The cavern shook violently as the spatial magic holding the tear open began to collapse. The Emissary turned its featureless mask back to me. The shadows around its body were beginning to fray at the edges, losing their physical form.

"The gate breaks," the Emissary said, its voice perfectly calm despite the collapsing magic around it.

It floated slightly higher, looking down at me. There was no anger over the interrupted fight. There was no grand villainous speech about how I would pay for my insolence. Instead, the Emissary asked a single, unsettling question.

"You destroyed a tribe for a village," the Emissary’s voice echoed in the quiet cavern.

"Would you destroy a kingdom for the same reason?"

The question wasn’t a threat. It was a genuine inquiry into my nature. It wanted to know the absolute limit of my irrationality. It wanted to know exactly how far a piece on the board was willing to go for its attachments.

I looked at the creature. I thought about Lyra’s terrified face when the letter arrived. I thought about little Mira. I thought about Korin and the hunters ready to risk their lives for the people they care about.

"If I had to," I answered, my voice flat and entirely serious.

"Interesting," the Emissary whispered. The Emissary began to fade, its physical form turning translucent as the shadows bled away into nothingness.

"We will meet again," the Emissary stated simply. The red doorway snapped shut with a sharp hiss. The Emissary was gone.

The oppressive, suffocating weight that had pressed down on the cavern instantly vanished. The temperature began to slowly rise back to normal. I stood there for a long moment, listening to the silence.
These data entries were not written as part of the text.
(* Let $A\in\mathbb{R}^{n\times n}$, $B\in\mathbb{R}^{n\times m}$, $Q=Q^T\succeq0$, $R=R^T\succ0$, and $\Gamma(X)=A^TX+XA+Q$. There exist $P\in\mathbb{R}^{n\times n}$ and a symmetric $\bar P\succ0$ such that $$\begin{bmatrix}-\Gamma(\bar P) & (P+P^T-\bar P-\bar P^T)B\\ B^T(P+P^T-\bar P-\bar P^T) & 4R\end{bmatrix}\succ0$$ if and only if $A$ is Hurwitz.
   Context: Matrix inequalities are in the Loewner sense (symmetric matrices). *)

theory Defs
  imports "HOL-Analysis.Analysis"
begin

definition symmetric_mat :: "real^'n^'n \<Rightarrow> bool" where
  "symmetric_mat M \<longleftrightarrow> transpose M = M"

definition pos_def :: "real^'n^'n \<Rightarrow> bool" where
  "pos_def M \<longleftrightarrow> symmetric_mat M \<and> (\<forall>x. x \<noteq> 0 \<longrightarrow> x \<bullet> (M *v x) > 0)"

definition pos_semidef :: "real^'n^'n \<Rightarrow> bool" where
  "pos_semidef M \<longleftrightarrow> symmetric_mat M \<and> (\<forall>x. x \<bullet> (M *v x) \<ge> 0)"

definition cmat :: "real^'n^'m \<Rightarrow> complex^'n^'m" where
  "cmat A = (\<chi> i j. complex_of_real (A $ i $ j))"

definition hurwitz :: "real^'n^'n \<Rightarrow> bool" where
  "hurwitz A \<longleftrightarrow>
     (\<forall>(c::complex) (v::complex^'n). v \<noteq> 0 \<and> cmat A *v v = c *s v \<longrightarrow> Re c < 0)"

definition Gamma :: "real^'n^'n \<Rightarrow> real^'n^'n \<Rightarrow> real^'n^'n \<Rightarrow> real^'n^'n" where
  "Gamma A Q X = transpose A ** X + X ** A + Q"

definition block_mat ::
  "real^'n^'n \<Rightarrow> real^'m^'n \<Rightarrow> real^'n^'m \<Rightarrow> real^'m^'m \<Rightarrow> real^('n + 'm)^('n + 'm)" where
  "block_mat M11 M12 M21 M22 =
     (\<chi> i j. case i of
        Inl a \<Rightarrow> (case j of Inl b \<Rightarrow> M11 $ a $ b | Inr b \<Rightarrow> M12 $ a $ b)
      | Inr a \<Rightarrow> (case j of Inl b \<Rightarrow> M21 $ a $ b | Inr b \<Rightarrow> M22 $ a $ b))"

end

theory Submission
  imports Defs "Jordan_Normal_Form.Schur_Decomposition"
begin

(* Lyapunov's theorem does all the work. If -Gamma(Pb) > 0 with Pb > 0, then V(x) = x' Pb x
   strictly decreases along A, and evaluating V on the real and imaginary parts of an
   eigenvector of A gives Re lambda < 0. Conversely, a Hurwitz A is triangularised over C,
   A = S T S^-1, and the scaling D = diag(eps^k) makes the strictly upper part of
   D^-1 T D so small that X = Re (W^* W) with W = D^-1 S^-1 satisfies
   x' X A x <= -alpha x' X x; a large multiple of X then makes -Gamma positive definite.
   In the block matrix, P = Pb cancels the off-diagonal blocks, and the (1,1) block of a
   positive definite matrix is positive definite. *)

no_notation Matrix.scalar_prod (infix \<open>\<bullet>\<close> 70)
no_notation Matrix.vec_index (infixl \<open>$\<close> 100)

lemma matrix_vector_mult_uminus_left: "(- M) *v x = - (M *v (x::real^'n))"
  by (simp add: Finite_Cartesian_Product.vec_eq_iff matrix_vector_mult_def sum_negf)

lemma transpose_add: "transpose (X + Y) = transpose X + transpose (Y::real^'n^'m)"
  unfolding transpose_def by vector

lemma transpose_uminus: "transpose (- X) = - transpose (X::real^'n^'m)"
  unfolding transpose_def by vector

lemma inner_transpose_matrix: "x \<bullet> (transpose M *v y) = (M *v x) \<bullet> (y::real^'n)"
  by (metis dot_lmul_matrix vector_transpose_matrix)

lemma symmetric_mat_inner_commute:
  assumes "symmetric_mat M"
  shows "x \<bullet> (M *v y) = y \<bullet> (M *v (x::real^'n))"
  using assms unfolding symmetric_mat_def by (metis inner_transpose_matrix inner_commute)

lemma symmetric_mat_entry: "symmetric_mat M \<Longrightarrow> M $ i $ j = M $ j $ i"
  unfolding symmetric_mat_def by (metis transpose_def vec_lambda_beta)

lemma pos_def_nonneg: "pos_def M \<Longrightarrow> 0 \<le> x \<bullet> (M *v x)"
  unfolding pos_def_def by (cases "x = 0") (auto simp: less_imp_le)

lemma pos_def_quadratic_forms_add_pos:
  assumes "pos_def M" "pos_def N" "x \<noteq> 0 \<or> y \<noteq> 0"
  shows "0 < x \<bullet> (M *v x) + y \<bullet> (N *v y)"
  using assms(3)
proof
  assume "x \<noteq> 0"
  then show ?thesis using assms(1) pos_def_nonneg[OF assms(2), of y] unfolding pos_def_def by auto
next
  assume "y \<noteq> 0"
  then show ?thesis using assms(2) pos_def_nonneg[OF assms(1), of x] unfolding pos_def_def by auto
qed

lemma pos_def_scaleR:
  assumes "pos_def M" "0 < t"
  shows "pos_def (t *\<^sub>R M)"
  using assms unfolding pos_def_def symmetric_mat_def
  by (simp add: transpose_scalar flip: scaleR_matrix_vector_assoc)

lemma quadratic_form_upper_bound: "\<exists>c. \<forall>x. x \<bullet> (M *v x) \<le> c * (x \<bullet> (x::real^'n))"
proof -
  obtain K where K: "\<And>x. norm (M *v x) \<le> norm x * K"
    using bounded_linear.bounded[OF matrix_vector_mul_bounded_linear] by blast
  have "x \<bullet> (M *v x) \<le> K * (x \<bullet> x)" for x
  proof -
    have "x \<bullet> (M *v x) \<le> norm x * norm (M *v x)" by (rule norm_cauchy_schwarz)
    also have "\<dots> \<le> norm x * (norm x * K)" by (rule mult_left_mono[OF K norm_ge_zero])
    finally show ?thesis by (simp add: dot_square_norm power2_eq_square mult_ac)
  qed
  then show ?thesis by blast
qed

lemma pos_def_quadratic_form_lower_bound:
  assumes "pos_def M"
  shows "\<exists>\<beta>>0. \<forall>x. \<beta> * (x \<bullet> x) \<le> x \<bullet> (M *v (x::real^'n))"
proof -
  let ?q = "\<lambda>x::real^'n. x \<bullet> (M *v x)"
  have "continuous_on (sphere 0 1) ?q"
    by (intro continuous_intros linear_continuous_on matrix_vector_mul_linear)
  moreover have "sphere (0::real^'n) 1 \<noteq> {}" by simp
  ultimately obtain u where u: "u \<in> sphere 0 1" and min: "\<And>y. y \<in> sphere 0 1 \<Longrightarrow> ?q u \<le> ?q y"
    using continuous_attains_inf[OF compact_sphere] by blast
  have "u \<noteq> 0" using u by auto
  then have "?q u > 0" using assms unfolding pos_def_def by blast
  moreover have "?q u * (x \<bullet> x) \<le> ?q x" for x
  proof (cases "x = 0")
    case False
    then have "?q u \<le> ?q (x /\<^sub>R norm x)" by (intro min) simp
    also have "\<dots> = ?q x / (x \<bullet> x)"
      using False by (simp add: matrix_vector_mult_scaleR dot_square_norm power2_eq_square field_simps)
    finally show ?thesis using False by (simp add: field_simps)
  qed simp
  ultimately show ?thesis by blast
qed

section \<open>Block matrices\<close>

lemma sum_UNIV_sum:
  "sum f (UNIV :: ('a::finite + 'b::finite) set) = (\<Sum>a\<in>UNIV. f (Inl a)) + (\<Sum>b\<in>UNIV. f (Inr b))"
  by (subst UNIV_Plus_UNIV[symmetric], subst sum.Plus) (simp_all add: comp_def)

lemma inner_block_mat:
  fixes x :: "real^('n::finite + 'm::finite)"
  defines "x1 \<equiv> (\<chi> a. x $ Inl a)" and "x2 \<equiv> (\<chi> b. x $ Inr b)"
  shows "x \<bullet> (block_mat M X Y N *v x) =
     x1 \<bullet> (M *v x1) + x1 \<bullet> (X *v x2) + x2 \<bullet> (Y *v x1) + x2 \<bullet> (N *v x2)"
proof -
  let ?w = "block_mat M X Y N *v x"
  have "?w $ Inl a = (M *v x1) $ a + (X *v x2) $ a" "?w $ Inr b = (Y *v x1) $ b + (N *v x2) $ b" for a b
    by (simp_all add: matrix_vector_mult_def block_mat_def sum_UNIV_sum x1_def x2_def)
  then show ?thesis
    by (simp add: inner_vec_def sum_UNIV_sum x1_def x2_def distrib_left sum.distrib)
qed

lemma symmetric_block_mat:
  assumes "symmetric_mat M" "symmetric_mat N"
  shows "symmetric_mat (block_mat M X (transpose X) N)"
proof -
  have "transpose (block_mat M X (transpose X) N) $ i $ j = block_mat M X (transpose X) N $ i $ j" for i j
    using symmetric_mat_entry[OF assms(1)] symmetric_mat_entry[OF assms(2)]
    by (cases i; cases j) (simp_all add: transpose_def block_mat_def)
  then show ?thesis unfolding symmetric_mat_def by (simp add: Finite_Cartesian_Product.vec_eq_iff)
qed

lemma pos_def_block_mat_diag:
  fixes M :: "real^'n::finite^'n" and N :: "real^'m::finite^'m"
  assumes M: "pos_def M" and N: "pos_def N"
  shows "pos_def (block_mat M 0 0 N)"
  unfolding pos_def_def
proof (intro conjI allI impI)
  have "transpose (0::real^'m^'n) = 0"
    by (simp add: Finite_Cartesian_Product.vec_eq_iff transpose_def)
  then show "symmetric_mat (block_mat M 0 0 N)"
    using symmetric_block_mat[of M N 0] assms unfolding pos_def_def by simp
  fix x :: "real^('n + 'm)" assume "x \<noteq> 0"
  let ?x1 = "\<chi> a. x $ Inl a" and ?x2 = "\<chi> b. x $ Inr b"
  have "?x1 \<noteq> 0 \<or> ?x2 \<noteq> 0"
  proof (rule ccontr)
    assume "\<not> ?thesis"
    then have "x $ i = 0" for i by (cases i) (auto simp: Finite_Cartesian_Product.vec_eq_iff)
    with \<open>x \<noteq> 0\<close> show False by (simp add: Finite_Cartesian_Product.vec_eq_iff)
  qed
  with M N have "?x1 \<bullet> (M *v ?x1) + ?x2 \<bullet> (N *v ?x2) > 0"
    by (rule pos_def_quadratic_forms_add_pos)
  then show "x \<bullet> (block_mat M 0 0 N *v x) > 0"
    unfolding inner_block_mat by simp
qed

lemma pos_def_block_mat_upper_left:
  fixes M :: "real^'n::finite^'n" and X :: "real^'m::finite^'n"
  assumes "pos_def (block_mat M X Y N)"
  shows "pos_def M"
  unfolding pos_def_def
proof (intro conjI allI impI)
  show "symmetric_mat M"
    using symmetric_mat_entry[of "block_mat M X Y N" "Inl i" "Inl j" for i j] assms
    unfolding pos_def_def symmetric_mat_def
    by (simp add: block_mat_def Finite_Cartesian_Product.vec_eq_iff transpose_def)
  fix z :: "real^'n" assume "z \<noteq> 0"
  define x :: "real^('n + 'm)" where "x = (\<chi> i. case i of Inl a \<Rightarrow> z $ a | Inr b \<Rightarrow> 0)"
  have x1: "(\<chi> a. x $ Inl a) = z" and x2: "(\<chi> b. x $ Inr b) = 0"
    by (simp_all add: x_def Finite_Cartesian_Product.vec_eq_iff)
  have "x \<noteq> 0"
  proof
    assume "x = 0"
    with x1 \<open>z \<noteq> 0\<close> show False by (simp add: Finite_Cartesian_Product.vec_eq_iff)
  qed
  then have "x \<bullet> (block_mat M X Y N *v x) > 0" using assms unfolding pos_def_def by blast
  then show "z \<bullet> (M *v z) > 0" unfolding inner_block_mat x1 x2 by simp
qed

lemma inner_Gamma:
  assumes "symmetric_mat X"
  shows "x \<bullet> (Gamma A Q X *v x) = 2 * (x \<bullet> (X *v (A *v x))) + x \<bullet> (Q *v x)"
proof -
  have "x \<bullet> ((transpose A ** X) *v x) = x \<bullet> (X *v (A *v x))"
    using symmetric_mat_inner_commute[OF assms]
    by (metis inner_transpose_matrix matrix_vector_mul_assoc)
  then show ?thesis
    by (simp add: Gamma_def matrix_vector_mult_add_rdistrib inner_add_right matrix_vector_mul_assoc)
qed

lemma symmetric_mat_neg_Gamma:
  assumes "symmetric_mat X" "symmetric_mat Q"
  shows "symmetric_mat (- Gamma A Q X)"
proof -
  have "transpose (Gamma A Q X) = Gamma A Q X"
    using assms unfolding symmetric_mat_def Gamma_def
    by (simp add: transpose_add matrix_transpose_mul add_ac)
  then show ?thesis unfolding symmetric_mat_def transpose_uminus by simp
qed

lemma decrease_if_neg_Gamma_pos_def:
  assumes "pos_semidef Q" "symmetric_mat X" "pos_def (- Gamma A Q X)" "x \<noteq> 0"
  shows "x \<bullet> (X *v (A *v x)) < 0"
proof -
  have "0 < x \<bullet> (- Gamma A Q X *v x)" using assms(3,4) unfolding pos_def_def by blast
  also have "\<dots> = - 2 * (x \<bullet> (X *v (A *v x))) - x \<bullet> (Q *v x)"
    by (simp add: matrix_vector_mult_uminus_left inner_Gamma[OF assms(2)])
  moreover have "0 \<le> x \<bullet> (Q *v x)" using assms(1) unfolding pos_semidef_def by blast
  ultimately show ?thesis by linarith
qed

lemma neg_Gamma_pos_def_if_decay:
  fixes A P Q :: "real^'n^'n"
  assumes Q: "pos_semidef Q" and P: "pos_def P" and "0 < \<alpha>"
    and decay: "\<And>x. x \<bullet> (P *v (A *v x)) \<le> - \<alpha> * (x \<bullet> (P *v x))"
  obtains X where "pos_def X" "pos_def (- Gamma A Q X)"
proof -
  obtain \<beta> where "0 < \<beta>" and P_ge: "\<And>x. \<beta> * (x \<bullet> x) \<le> x \<bullet> (P *v x)"
    using pos_def_quadratic_form_lower_bound[OF P] by blast
  obtain c where Q_le: "\<And>x. x \<bullet> (Q *v x) \<le> c * (x \<bullet> x)"
    using quadratic_form_upper_bound[of Q] by blast
  have "0 < \<alpha> * \<beta>" using \<open>0 < \<alpha>\<close> \<open>0 < \<beta>\<close> by (rule mult_pos_pos)
  have "0 < \<bar>c\<bar> + 1" by (simp add: add_nonneg_pos)
  define t where "t = (\<bar>c\<bar> + 1) / (\<alpha> * \<beta>)"
  have "0 < t" unfolding t_def using \<open>0 < \<bar>c\<bar> + 1\<close> \<open>0 < \<alpha> * \<beta>\<close> by (rule divide_pos_pos)
  have t_\<alpha>\<beta>: "t * (\<alpha> * \<beta>) = \<bar>c\<bar> + 1" unfolding t_def using \<open>0 < \<alpha>\<close> \<open>0 < \<beta>\<close> by simp
  have X: "pos_def (t *\<^sub>R P)" using P \<open>0 < t\<close> by (rule pos_def_scaleR)
  have "0 < x \<bullet> (- Gamma A Q (t *\<^sub>R P) *v x)" if "x \<noteq> 0" for x
  proof -
    have decay_x: "\<alpha> * (x \<bullet> (P *v x)) \<le> - (x \<bullet> (P *v (A *v x)))" using decay[of x] by linarith
    have "2 * (\<bar>c\<bar> + 1) * (x \<bullet> x) = 2 * (t * (\<alpha> * \<beta>)) * (x \<bullet> x)" by (simp only: t_\<alpha>\<beta>)
    also have "\<dots> = 2 * t * (\<alpha> * (\<beta> * (x \<bullet> x)))" by (simp only: mult.assoc)
    also have "\<dots> \<le> 2 * t * (\<alpha> * (x \<bullet> (P *v x)))"
      using \<open>0 < \<alpha>\<close> \<open>0 < t\<close> by (intro mult_left_mono P_ge) simp_all
    also have "\<dots> \<le> 2 * t * - (x \<bullet> (P *v (A *v x)))"
      using decay_x \<open>0 < t\<close> by (intro mult_left_mono) simp_all
    finally have lower: "2 * (\<bar>c\<bar> + 1) * (x \<bullet> x) \<le> 2 * t * - (x \<bullet> (P *v (A *v x)))" .
    have "c < 2 * (\<bar>c\<bar> + 1)" by (simp add: abs_if)
    then have "c * (x \<bullet> x) < 2 * (\<bar>c\<bar> + 1) * (x \<bullet> x)"
      using \<open>x \<noteq> 0\<close> by (intro mult_strict_right_mono) simp_all
    moreover have "symmetric_mat (t *\<^sub>R P)" using X unfolding pos_def_def by blast
    then have "x \<bullet> (- Gamma A Q (t *\<^sub>R P) *v x) = 2 * t * - (x \<bullet> (P *v (A *v x))) - x \<bullet> (Q *v x)"
      by (simp add: matrix_vector_mult_uminus_left inner_Gamma flip: scaleR_matrix_vector_assoc)
    ultimately show ?thesis using lower Q_le[of x] by linarith
  qed
  moreover have "symmetric_mat (- Gamma A Q (t *\<^sub>R P))"
    using X Q unfolding pos_def_def pos_semidef_def by (blast intro: symmetric_mat_neg_Gamma)
  ultimately have "pos_def (- Gamma A Q (t *\<^sub>R P))" unfolding pos_def_def by blast
  with X show thesis by (rule that)
qed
I slowly sheathed Eclipse, the click of the blade locking into place echoing loudly.

I walked past the shattered pillars and stepped up onto the stone platform. I investigated the ruined obsidian altar. The bodies of the Blood-Iron elders lay exactly where they had fallen, their blood rapidly congealing on the cold stone. I looked at the strange, jagged symbols carved into the altar. They weren’t demonic runes. They looked far more complex, completely foreign to anything I had seen since I arrived in this world.

There were no answers here. Just the messy remains of a desperate ritual. I turned away from the altar, pulled my torn coat tighter around my shoulders, and began the long walk back toward the entrance. 𝙛𝓻𝒆𝓮𝒘𝙚𝙗𝒏𝙤𝙫𝓮𝒍.𝓬𝒐𝙢

Outside, the plateau was bathed in the harsh, gray light of the mountain morning. The hunters were still standing in their ragged line, their weapons drawn, completely covered in a thin layer of fresh snow. When I stepped out of the dark cavern entrance, alive and walking under my own power, a collective, shuddering breath of relief swept through the men.

Jace dropped his sword into the snow and fell to his knees, covering his face with his hands. A few of the older veterans leaned heavily on their axes, their eyes closing in silent prayer.

It was finally over. The shadow that had hung over Elderglen for decades had been completely ripped away.

Korin rushed forward, his spear lowered. He stopped a few feet away, looking at the dust covering my clothes, the tear in my heavy leather coat, and the dark entrance of the sealed cavern behind me.

"Ren," Korin breathed, his voice thick with a mixture of awe and residual terror. He looked past me into the dark. "What was that thing?"

I looked back at the ruined fortress. I thought about the Emissary’s absolute indifference, its flawless magic, and the chilling, calculating way it viewed the world.

I turned back to Korin. "I don’t know," I said. And for the first time in a very long time, that was the absolute truth.